WORK ORDER: Where the records below show a line containing "define q where", start copying; end with the line containing "unfolding q_def by", and copy it too.

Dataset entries
(* Fix $n\in\mathbb{N}$ and $b\in\mathbb{R}^n\setminus\{0\}$. Let $\mathcal{N}\subset\mathbb{R}^{n\times n}$ be the set of real matrices $A$ such that $A^2$ has $n$ distinct eigenvalues, and let $\mathcal{O}\subset\mathbb{R}^{n\times n}$ be the set of real matrices $A$ such that $b^T\eta\neq 0$ for every left eigenvector $\eta\in\mathbb{C}^n$ of $A$. Then $GL(n)\cap\mathcal{N}\cap\mathcal{O}$ is open and dense in $\mathbb{R}^{n\times n}$.
   Context: $GL(n)$ denotes the set of invertible real $n\times n$ matrices. A left eigenvector of $A$ is a nonzero $\eta\in\mathbb{C}^n$ with $\eta^TA=\lambda\eta^T$ for some $\lambda\in\mathbb{C}$; $b^T\eta$ denotes the (non-conjugated) bilinear product $\sum_j b_j\eta_j$. The topology on $\mathbb{R}^{n\times n}$ is the standard (norm) topology. *)

theory Defs
  imports "HOL-Analysis.Analysis"
begin

definition cmat :: "real^'n^'n \<Rightarrow> complex^'n^'n" where
  "cmat A = (\<chi> i j. complex_of_real (A $ i $ j))"

definition cvec :: "real^'n \<Rightarrow> complex^'n" where
  "cvec b = (\<chi> i. complex_of_real (b $ i))"

definition eigenvalues :: "complex^'n^'n \<Rightarrow> complex set" where
  "eigenvalues M = {c. \<exists>v. v \<noteq> 0 \<and> M *v v = c *s v}"

definition left_eigenvector :: "complex^'n^'n \<Rightarrow> complex^'n \<Rightarrow> bool" where
  "left_eigenvector M \<eta> \<longleftrightarrow> \<eta> \<noteq> 0 \<and> (\<exists>c. \<eta> v* M = c *s \<eta>)"

definition setN :: "(real^'n^'n) set" where
  "setN = {A. card (eigenvalues (cmat (A ** A))) = CARD('n)}"

text \<open>The set O: b^T eta \<noteq> 0 (bilinear, non-conjugated) for every left eigenvector eta.\<close>
definition setO :: "real^'n \<Rightarrow> (real^'n^'n) set" where
  "setO b = {A. \<forall>\<eta>. left_eigenvector (cmat A) \<eta> \<longrightarrow> (\<Sum>j\<in>UNIV. cvec b $ j * \<eta> $ j) \<noteq> 0}"

end

theory Submission
  imports Defs Jordan_Normal_Form.Char_Poly Subresultants.Subresultant_Gcd
    "HOL-Computational_Algebra.Field_as_Ring"
begin

(*
  Each of the three conditions is the non-vanishing of a function of A that is continuous and
  polynomial along every real line: det A; the resultant of the characteristic polynomial of A^2
  and its derivative, which is nonzero exactly when A^2 has n distinct eigenvalues; and, on that
  set, the determinant of the Kalman matrix [b, A b, ..., A^(n-1) b]. The last equivalence is the
  Popov-Belevitch-Hautus test: the eigenvalues of A^2 are squares of eigenvalues of A, so A has
  n distinct eigenvalues with left eigenvectors xi_k, and the matrix with rows xi_k times the
  Kalman matrix is a Vandermonde matrix with rows scaled by b^T xi_k.
  The non-vanishing set of such a function is open, and dense as soon as it is nonempty, since
  on a line through any point the function is a nonzero polynomial with finitely many zeros.
  Nonemptiness is witnessed by the identity, by diag(1, ..., n), and by Q diag(0, ..., n-1) Q^T
  for an orthogonal Q mapping a constant vector to b.
*)

no_notation Matrix.vec_index (infixl "$" 100)
hide_const (open) Determinant.det Matrix.mat
hide_fact (open) Matrix.vec_eq_iff Matrix.mat_def Determinant.det_def

(* Columns of Kalman and Vandermonde matrices indexed by 'n are ordered by this enumeration
   of 'n onto {0..<n}, which plays the role of the exponents 0, ..., n - 1. *)
definition enum_idx :: "'n::finite \<Rightarrow> nat" where
  "enum_idx = (SOME f. bij_betw f (UNIV :: 'n set) {0..<CARD('n)})"

lemma bij_enum_idx: "bij_betw (enum_idx :: 'n::finite \<Rightarrow> nat) UNIV {0..<CARD('n)}"
proof -
  have "\<exists>f. bij_betw f (UNIV :: 'n set) {0..<CARD('n)}"
    using ex_bij_betw_finite_nat[of "UNIV :: 'n set"] by simp
  then show ?thesis unfolding enum_idx_def by (rule someI_ex)
qed

lemma enum_idx_less: "enum_idx (i :: 'n::finite) < CARD('n)"
  using bij_enum_idx[where 'n='n] by (auto simp: bij_betw_def)

lemma enum_idx_eq_iff [simp]: "enum_idx i = enum_idx j \<longleftrightarrow> i = j"
  using bij_enum_idx by (auto simp: bij_betw_def dest: injD)

lemma det_eq_0_iff_kernel:
  fixes M :: "'a::field^'n^'n"
  shows "det M = 0 \<longleftrightarrow> (\<exists>v. v \<noteq> 0 \<and> M *v v = 0)"
proof -
  have "det M \<noteq> 0 \<longleftrightarrow> (\<forall>v. M *v v = 0 \<longrightarrow> v = 0)"
    by (simp add: invertible_det_nz[symmetric] invertible_left_inverse matrix_left_invertible_ker)
  then show ?thesis by blast
qed

lemma det_eq_0_iff_left_kernel:
  fixes M :: "'a::field^'n^'n"
  shows "det M = 0 \<longleftrightarrow> (\<exists>v. v \<noteq> 0 \<and> v v* M = 0)"
  using det_eq_0_iff_kernel[of "transpose M"] by simp

lemma det_scaled_vandermonde_nonzero:
  fixes x c :: "'n::finite \<Rightarrow> 'a::field"
  assumes "inj x" and "\<And>k. c k \<noteq> 0"
  shows "det (\<chi> k j. c k * x k ^ enum_idx j) \<noteq> 0"
proof
  define W where "W = (\<chi> k j. c k * x k ^ enum_idx j :: 'a^'n^'n)"
  assume "det (\<chi> k j. c k * x k ^ enum_idx j) = 0"
  then obtain z where "z \<noteq> 0" and z: "W *v z = 0"
    unfolding det_eq_0_iff_kernel W_def by blast
  define q where "q = (\<Sum>j\<in>UNIV. monom (z $ j) (enum_idx j))"
  have roots: "poly q (x k) = 0" for k
  proof -
    have "c k * poly q (x k) = (W *v z) $ k"
      by (simp add: W_def q_def poly_sum poly_monom matrix_vector_mult_def sum_distrib_left mult_ac)
    with z assms(2) show ?thesis by simp
  qed
  have "degree (monom (z $ j) (enum_idx j)) \<le> CARD('n) - 1" for j
    using degree_monom_le[of "z $ j" "enum_idx j"] enum_idx_less[of j] by linarith
  then have "degree q \<le> CARD('n) - 1"
    unfolding q_def by (intro degree_sum_le) auto
  then have deg: "degree q < CARD('n)" using zero_less_card_finite[where 'a='n] by linarith
  have "q = 0"
  proof (rule ccontr)
    assume "q \<noteq> 0"
    then have "card (range x) \<le> card {t. poly q t = 0}"
      using roots by (intro card_mono[OF poly_roots_finite]) auto
    also have "\<dots> \<le> degree q" using \<open>q \<noteq> 0\<close> by (rule card_poly_roots_bound)
    finally show False using deg card_image[OF assms(1)] by simp
  qed
  moreover have "coeff q (enum_idx j) = z $ j" for j
    unfolding q_def coeff_sum coeff_monom by simp
  ultimately show False using \<open>z \<noteq> 0\<close> by (simp add: vec_eq_iff)
qed

section \<open>Characteristic polynomials\<close>

lemma mat_mult_vector: "mat c *v v = c *s (v :: 'a::semiring_1^'n)"
  by (simp add: vec_eq_iff matrix_vector_mult_def mat_def
      mult_delta_left)

lemma vector_mult_mat: "v v* mat c = c *s (v :: 'a::comm_semiring_1^'n)"
  by (simp add: vec_eq_iff vector_matrix_mult_def mat_def
      mult_delta_right mult.commute)

definition charmat :: "'a::comm_ring_1^'n^'n \<Rightarrow> 'a poly^'n^'n" where
  "charmat M = (\<chi> i j. (if i = j then [:0, 1:] else 0) - [:M $ i $ j:])"

definition charpoly :: "'a::comm_ring_1^'n^'n \<Rightarrow> 'a poly" where
  "charpoly M = det (charmat M)"

lemma poly_charpoly: "poly (charpoly M) x = det (mat x - M)"
  unfolding charpoly_def charmat_def det_def
  by (simp add: poly_sum poly_prod mat_def if_distrib[of "\<lambda>p. poly p x"] cong: if_cong)

lemma eigenvalues_eq_charpoly_roots: "eigenvalues M = {x. poly (charpoly M) x = 0}"
  by (auto simp: eigenvalues_def poly_charpoly det_eq_0_iff_kernel matrix_vector_mult_diff_rdistrib
      mat_mult_vector)

lemma charpoly_root_imp_left_eigenvector:
  fixes M :: "'a::field^'n^'n"
  assumes "poly (charpoly M) x = 0"
  obtains v where "v \<noteq> 0" and "v v* M = x *s v"
  using assms by (auto simp: poly_charpoly det_eq_0_iff_left_kernel vector_matrix_mult_diff_rdistrib
      vector_mult_mat)

lemma degree_charmat_prod_le: "degree (\<Prod>i\<in>UNIV. charmat M $ i $ p i) \<le> card {i. p i = i}"
proof -
  have "degree (charmat M $ i $ j) \<le> of_bool (i = j)" for i j
    unfolding charmat_def by (auto intro: order.trans[OF degree_diff_le])
  then have "degree (\<Prod>i\<in>UNIV. charmat M $ i $ p i) \<le> (\<Sum>i\<in>UNIV. of_bool (p i = i))"
    by (intro order.trans[OF degree_prod_sum_le] sum_mono) (auto simp: eq_commute)
  then show ?thesis by simp
qed

lemma degree_charpoly: "degree (charpoly (M :: 'a::idom^'n^'n)) = CARD('n)"
proof -
  define T where "T p = of_int (sign p) * (\<Prod>i\<in>UNIV. charmat M $ i $ p i)" for p
  have T_le: "degree (T p) \<le> card {i. p i = i}" for p
    unfolding T_def by (rule order.trans[OF degree_mult_le]) (simp add: degree_charmat_prod_le)
  have "card {i. p i = i} < CARD('n)" if "p \<noteq> id" for p :: "'n \<Rightarrow> 'n"
    using that by (intro psubset_card_mono) (auto simp: fun_eq_iff)
  then have T_coeff: "coeff (T p) CARD('n) = 0" if "p \<noteq> id" for p
    using that T_le by (intro coeff_eq_0) (meson le_less_trans)
  have T_id: "T id = (\<Prod>i\<in>UNIV. [:- M $ i $ i, 1:])"
    by (simp add: T_def charmat_def sign_id)
  have "degree (\<Prod>i\<in>UNIV. [:- M $ i $ i, 1:]) = CARD('n)"
    and "lead_coeff (\<Prod>i\<in>UNIV. [:- M $ i $ i, 1:]) = 1"
    by (simp add: degree_prod_eq_sum_degree) (simp only: lead_coeff_prod, simp)
  then have "coeff (T id) CARD('n) = 1" unfolding T_id by metis
  moreover have "coeff (charpoly M) CARD('n) = (\<Sum>p\<in>{p. p permutes UNIV}. coeff (T p) CARD('n))"
    by (simp add: charpoly_def det_def T_def coeff_sum)
  ultimately have "coeff (charpoly M) CARD('n) = 1"
    by (simp add: sum.remove[of _ id] permutes_id T_coeff)
  moreover have "degree (charpoly M) \<le> CARD('n)"
    unfolding charpoly_def det_def T_def[symmetric]
    by (intro degree_sum_le order.trans[OF T_le]) (auto simp: card_mono)
  ultimately show ?thesis using le_degree[of "charpoly M" "CARD('n)"] by simp
qed

lemma charpoly_nonzero: "charpoly (M :: 'a::idom^'n^'n) \<noteq> 0"
  using degree_charpoly[of M] by auto

lemma finite_eigenvalues: "finite (eigenvalues M)"
  by (simp add: eigenvalues_eq_charpoly_roots poly_roots_finite charpoly_nonzero)

lemma eigenvalue_of_square:
  fixes M :: "complex^'n^'n"
  assumes "\<mu> \<in> eigenvalues (M ** M)"
  obtains s where "s \<in> eigenvalues M" and "\<mu> = s\<^sup>2"
proof -
  obtain v where "v \<noteq> 0" and v: "M *v (M *v v) = \<mu> *s v"
    using assms by (auto simp: eigenvalues_def matrix_vector_mul_assoc)
  define s where "s = csqrt \<mu>"
  have s: "\<mu> = s\<^sup>2" "\<mu> = (- s)\<^sup>2" by (simp_all add: s_def)
  define w where "w = M *v v + s *s v"
  \<comment> \<open>\<open>(M - s)(M + s) v = 0\<close>: either \<open>w = (M + s) v\<close> is an eigenvector for \<open>s\<close>,
    or \<open>v\<close> is one for \<open>-s\<close>.\<close>
  have "M *v w = s *s w"
    using v by (simp add: w_def s(1) power2_eq_square matrix_vector_right_distrib
        vector_scalar_commute algebra_simps)
  show ?thesis
  proof (cases "w = 0")
    case True
    then have "M *v v = (- s) *s v"
      unfolding w_def by (simp add: add_eq_0_iff2 vector_smult_lneg)
    then have "- s \<in> eigenvalues M" using \<open>v \<noteq> 0\<close> unfolding eigenvalues_def by blast
    then show ?thesis using that s(2) by blast
  next
    case False
    with \<open>M *v w = s *s w\<close> show ?thesis using that s(1) by (auto simp: eigenvalues_def)
  qed
qed

lemma card_eigenvalues_square_le: "card (eigenvalues (M ** M)) \<le> card (eigenvalues M)"
proof -
  have "eigenvalues (M ** M) \<subseteq> (\<lambda>s. s\<^sup>2) ` eigenvalues M"
    by (auto elim: eigenvalue_of_square)
  then have "card (eigenvalues (M ** M)) \<le> card ((\<lambda>s. s\<^sup>2) ` eigenvalues M)"
    by (intro card_mono finite_imageI finite_eigenvalues)
  also have "\<dots> \<le> card (eigenvalues M)" by (rule card_image_le[OF finite_eigenvalues])
  finally show ?thesis .
qed

section \<open>Kalman matrices and the Popov-Belevitch-Hautus test\<close>

lemma cmat_mult_cvec: "cmat A *v cvec x = cvec (A *v x)"
  by (simp add: cmat_def cvec_def vec_eq_iff matrix_vector_mult_def)

lemma cmat_matrix_mult: "cmat (A ** B) = cmat A ** cmat B"
  by (simp add: cmat_def vec_eq_iff matrix_matrix_mult_def)

lemma det_cmat: "det (cmat A) = complex_of_real (det A)"
  by (simp add: cmat_def det_def)

lemma setN_imp_card_eigenvalues:
  "A \<in> setN \<Longrightarrow> CARD('n) \<le> card (eigenvalues (cmat (A :: real^'n^'n)))"
  using card_eigenvalues_square_le[of "cmat A"] by (simp add: setN_def cmat_matrix_mult)

primrec krylov :: "'a::semiring_1^'n^'n \<Rightarrow> 'a^'n \<Rightarrow> nat \<Rightarrow> 'a^'n" where
  "krylov M w 0 = w"
| "krylov M w (Suc k) = M *v krylov M w k"

definition kalman_matrix :: "'a::semiring_1^'n^'n \<Rightarrow> 'a^'n \<Rightarrow> 'a^'n^'n" where
  "kalman_matrix M w = (\<chi> i j. krylov M w (enum_idx j) $ i)"

lemma cmat_kalman_matrix: "cmat (kalman_matrix A b) = kalman_matrix (cmat A) (cvec b)"
proof -
  have "cvec (krylov A b k) = krylov (cmat A) (cvec b) k" for k
    by (induction k) (simp_all flip: cmat_mult_cvec)
  then have "complex_of_real (krylov A b k $ i) = krylov (cmat A) (cvec b) k $ i" for k i
    by (metis cvec_def vec_lambda_beta)
  then show ?thesis
    unfolding cmat_def[of "kalman_matrix A b"]
    by (simp add: vec_eq_iff kalman_matrix_def)
qed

THE COMPLETED TASK:
  define q where "q = (\<Sum>j\<in>UNIV. monom (z $ j) (enum_idx j))"
  have roots: "poly q (x k) = 0" for k
  proof -
    have "c k * poly q (x k) = (W *v z) $ k"
      by (simp add: W_def q_def poly_sum poly_monom matrix_vector_mult_def sum_distrib_left mult_ac)
    with z assms(2) show ?thesis by simp
  qed
  have "degree (monom (z $ j) (enum_idx j)) \<le> CARD('n) - 1" for j
    using degree_monom_le[of "z $ j" "enum_idx j"] enum_idx_less[of j] by linarith
  then have "degree q \<le> CARD('n) - 1"
    unfolding q_def by (intro degree_sum_le) auto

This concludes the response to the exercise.